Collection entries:
━━━━━━━━━━━━━━━━━━━━━━━━━━━━━━
(* Let $p>1$, $N\in\mathbb{N}$, and let $\mu_1,\mu_2$ be permutation invariant Radon probability measures on $\mathbb{R}^N$ whose $p_0$:th moments are finite for some $p_0\ge p$. Let $J=(J_1,\dots,J_{n_J})$ be a finite sequence of elements of $[N]$ (repetitions allowed), of length $n_J$, and let $I=\{J_\ell:\ell\in[n_J]\}\subset[N]$. For $x\in\mathbb{R}^N$ put $x^J=\prod_{\ell=1}^{n_J}x_{J_\ell}$. Assume $n_J\le p_0+1-\frac{p_0}{p}$. Then \[ \left|\langle x^J\rangle_{\mu_1}-\langle x^J\rangle_{\mu_2}\right|\le n_J\,M(J,p)^{n_J-1}\left(\frac{|I|}{1-\frac{|I|}{N}}\right)^{1/p}w_p(\mu_1,\mu_2;N), \] where $M(J,p)=1$ if $n_J=1$, and otherwise, with $q=\frac{p}{p-1}$, \[ M(J,p)=\max_{i\in I}\left(\langle|x_i|^{q(n_J-1)}\rangle_{\mu_1}^{\frac{1}{q(n_J-1)}},\ \langle|x_i|^{q(n_J-1)}\rangle_{\mu_2}^{\frac{1}{q(n_J-1)}}\right)<\infty. \]
   Context: $[N]=\{1,\dots,N\}$. A probability measure $\mu$ on $\mathbb{R}^N$ is permutation invariant if for every integrable $f$ and every permutation $\pi$ of $[N]$, $f\circ Q_\pi$ is integrable and $\langle f\circ Q_\pi\rangle_\mu=\langle f\rangle_\mu$, where $(Q_\pi x)_j=x_{\pi^{-1}(j)}$. The specific $p$-norm fluctuation distance is $w_p(\mu_1,\mu_2;N)=\left(\inf_\gamma\int\gamma(dx,dy)\frac1N\sum_{i=1}^N|x_i-y_i|^p\right)^{1/p}$, the infimum over all couplings $\gamma$ of $\mu_1$ and $\mu_2$. *)

theory Defs
  imports "HOL-Probability.Probability"
begin

text \<open>Points of R^N are vectors real^'n with N = CARD('n); the index set [N] is UNIV :: 'n set.\<close>

definition Qperm :: "('n \<Rightarrow> 'n) \<Rightarrow> real^'n \<Rightarrow> real^'n" where
  "Qperm \<pi> x = (\<chi> j. x $ (inv \<pi> j))"

definition perm_invariant :: "(real^'n::finite) measure \<Rightarrow> bool" where
  "perm_invariant \<mu> \<longleftrightarrow>
     (\<forall>\<pi> f. \<pi> permutes (UNIV :: 'n set) \<longrightarrow> integrable \<mu> (f :: real^'n \<Rightarrow> real) \<longrightarrow>
        integrable \<mu> (f \<circ> Qperm \<pi>) \<and> integral\<^sup>L \<mu> (f \<circ> Qperm \<pi>) = integral\<^sup>L \<mu> f)"

text \<open>Borel probability measure on R^N (every such measure is Radon).\<close>
definition borel_prob :: "(real^'n::finite) measure \<Rightarrow> bool" where
  "borel_prob \<mu> \<longleftrightarrow> prob_space \<mu> \<and> sets \<mu> = sets borel"

definition coupling ::
  "((real^'n::finite) \<times> (real^'n)) measure \<Rightarrow> (real^'n) measure \<Rightarrow> (real^'n) measure \<Rightarrow> bool" where
  "coupling \<gamma> \<mu>1 \<mu>2 \<longleftrightarrow> sets \<gamma> = sets (borel \<Otimes>\<^sub>M borel)
     \<and> distr \<gamma> borel fst = \<mu>1 \<and> distr \<gamma> borel snd = \<mu>2"

definition wp_cost :: "real \<Rightarrow> (real^'n::finite) measure \<Rightarrow> (real^'n) measure \<Rightarrow> ennreal" where
  "wp_cost p \<mu>1 \<mu>2 = (INF \<gamma> \<in> {\<gamma>. coupling \<gamma> \<mu>1 \<mu>2}.
      \<integral>\<^sup>+ z. ennreal ((1 / real CARD('n)) * (\<Sum>i\<in>UNIV. \<bar>fst z $ i - snd z $ i\<bar> powr p)) \<partial>\<gamma>)"

text \<open>w_p(mu1,mu2;N); meaningful when the cost is finite (which holds under finite p-th moments).\<close>
definition wp_dist :: "real \<Rightarrow> (real^'n::finite) measure \<Rightarrow> (real^'n) measure \<Rightarrow> real" where
  "wp_dist p \<mu>1 \<mu>2 = (enn2real (wp_cost p \<mu>1 \<mu>2)) powr (1 / p)"

definition monomial :: "'n list \<Rightarrow> real^'n \<Rightarrow> real" where
  "monomial J x = (\<Prod>l<length J. x $ (J ! l))"

definition coord_norm :: "(real^'n::finite) measure \<Rightarrow> real \<Rightarrow> 'n \<Rightarrow> real" where
  "coord_norm \<mu> r i = (\<integral>x. \<bar>x $ i\<bar> powr r \<partial>\<mu>) powr (1 / r)"

definition Mconst :: "(real^'n::finite) measure \<Rightarrow> (real^'n) measure \<Rightarrow> 'n list \<Rightarrow> real \<Rightarrow> real" where
  "Mconst \<mu>1 \<mu>2 J p =
     (if length J = 1 then 1
      else (let q = p / (p - 1); r = q * (real (length J) - 1) in
            Max ((\<lambda>i. max (coord_norm \<mu>1 r i) (coord_norm \<mu>2 r i)) ` set J)))"

end

theory Submission
  imports Defs
begin

text \<open>
  Telescoping writes x^J - y^J as a sum of n_J terms (x_{J_l} - y_{J_l}) times a product of
  n_J - 1 coordinates of x or y. Integrated against a coupling, each term is bounded by
  Hoelder's inequality with exponents p and q, and by the arithmetic-geometric mean inequality
  the L^q norm of the product is at most M^(n_J - 1). Permutation invariance allows replacing J
  by \<sigma> \<circ> J; averaging over all permutations \<sigma> turns the sum of the L^p distances of the
  coordinates J_l into n_J times their mean over all N coordinates, which by the power-mean
  inequality is at most the p-th root of the transport cost. Taking the infimum over couplings
  gives the bound with constant n_J M^(n_J - 1), which is stronger than the stated one: the
  factor (|I| / (1 - |I| / N))^(1/p) is at least 1.
\<close>

lemma powr_le_one_plus_powr:
  fixes a s t :: real
  assumes "0 \<le> a" "0 \<le> s" "s \<le> t"
  shows "a powr s \<le> 1 + a powr t"
proof (cases "a \<le> 1")
  case True
  then have "a powr s \<le> 1"
    using assms by (cases "a = 0") (auto intro: powr_le1)
  then show ?thesis by (smt (verit) powr_ge_zero)
next
  case False
  then have "a powr s \<le> a powr t" using assms by (intro powr_mono) auto
  then show ?thesis by simp
qed

lemma abs_diff_powr_le:
  fixes a b p :: real
  assumes "0 \<le> p"
  shows "\<bar>a - b\<bar> powr p \<le> 2 powr p * (\<bar>a\<bar> powr p + \<bar>b\<bar> powr p)"
proof -
  have "\<bar>a - b\<bar> powr p \<le> (2 * max \<bar>a\<bar> \<bar>b\<bar>) powr p"
    using assms by (intro powr_mono2) auto
  also have "\<dots> = 2 powr p * max \<bar>a\<bar> \<bar>b\<bar> powr p" by (simp add: powr_mult)
  also have "max \<bar>a\<bar> \<bar>b\<bar> powr p \<le> \<bar>a\<bar> powr p + \<bar>b\<bar> powr p"
    by (simp add: max_def)
  finally show ?thesis by (simp add: mult_left_mono)
qed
━━━━━━━━━━━━━━━━━━━━━━━━━━━━━━
What is needed = Up to and including the line with "(\<chi> j. x", output each line of the entries above exactly, starting from the first.

Written answer =
(* Let $p>1$, $N\in\mathbb{N}$, and let $\mu_1,\mu_2$ be permutation invariant Radon probability measures on $\mathbb{R}^N$ whose $p_0$:th moments are finite for some $p_0\ge p$. Let $J=(J_1,\dots,J_{n_J})$ be a finite sequence of elements of $[N]$ (repetitions allowed), of length $n_J$, and let $I=\{J_\ell:\ell\in[n_J]\}\subset[N]$. For $x\in\mathbb{R}^N$ put $x^J=\prod_{\ell=1}^{n_J}x_{J_\ell}$. Assume $n_J\le p_0+1-\frac{p_0}{p}$. Then \[ \left|\langle x^J\rangle_{\mu_1}-\langle x^J\rangle_{\mu_2}\right|\le n_J\,M(J,p)^{n_J-1}\left(\frac{|I|}{1-\frac{|I|}{N}}\right)^{1/p}w_p(\mu_1,\mu_2;N), \] where $M(J,p)=1$ if $n_J=1$, and otherwise, with $q=\frac{p}{p-1}$, \[ M(J,p)=\max_{i\in I}\left(\langle|x_i|^{q(n_J-1)}\rangle_{\mu_1}^{\frac{1}{q(n_J-1)}},\ \langle|x_i|^{q(n_J-1)}\rangle_{\mu_2}^{\frac{1}{q(n_J-1)}}\right)<\infty. \]
   Context: $[N]=\{1,\dots,N\}$. A probability measure $\mu$ on $\mathbb{R}^N$ is permutation invariant if for every integrable $f$ and every permutation $\pi$ of $[N]$, $f\circ Q_\pi$ is integrable and $\langle f\circ Q_\pi\rangle_\mu=\langle f\rangle_\mu$, where $(Q_\pi x)_j=x_{\pi^{-1}(j)}$. The specific $p$-norm fluctuation distance is $w_p(\mu_1,\mu_2;N)=\left(\inf_\gamma\int\gamma(dx,dy)\frac1N\sum_{i=1}^N|x_i-y_i|^p\right)^{1/p}$, the infimum over all couplings $\gamma$ of $\mu_1$ and $\mu_2$. *)

theory Defs
  imports "HOL-Probability.Probability"
begin

text \<open>Points of R^N are vectors real^'n with N = CARD('n); the index set [N] is UNIV :: 'n set.\<close>

definition Qperm :: "('n \<Rightarrow> 'n) \<Rightarrow> real^'n \<Rightarrow> real^'n" where
  "Qperm \<pi> x = (\<chi> j. x $ (inv \<pi> j))"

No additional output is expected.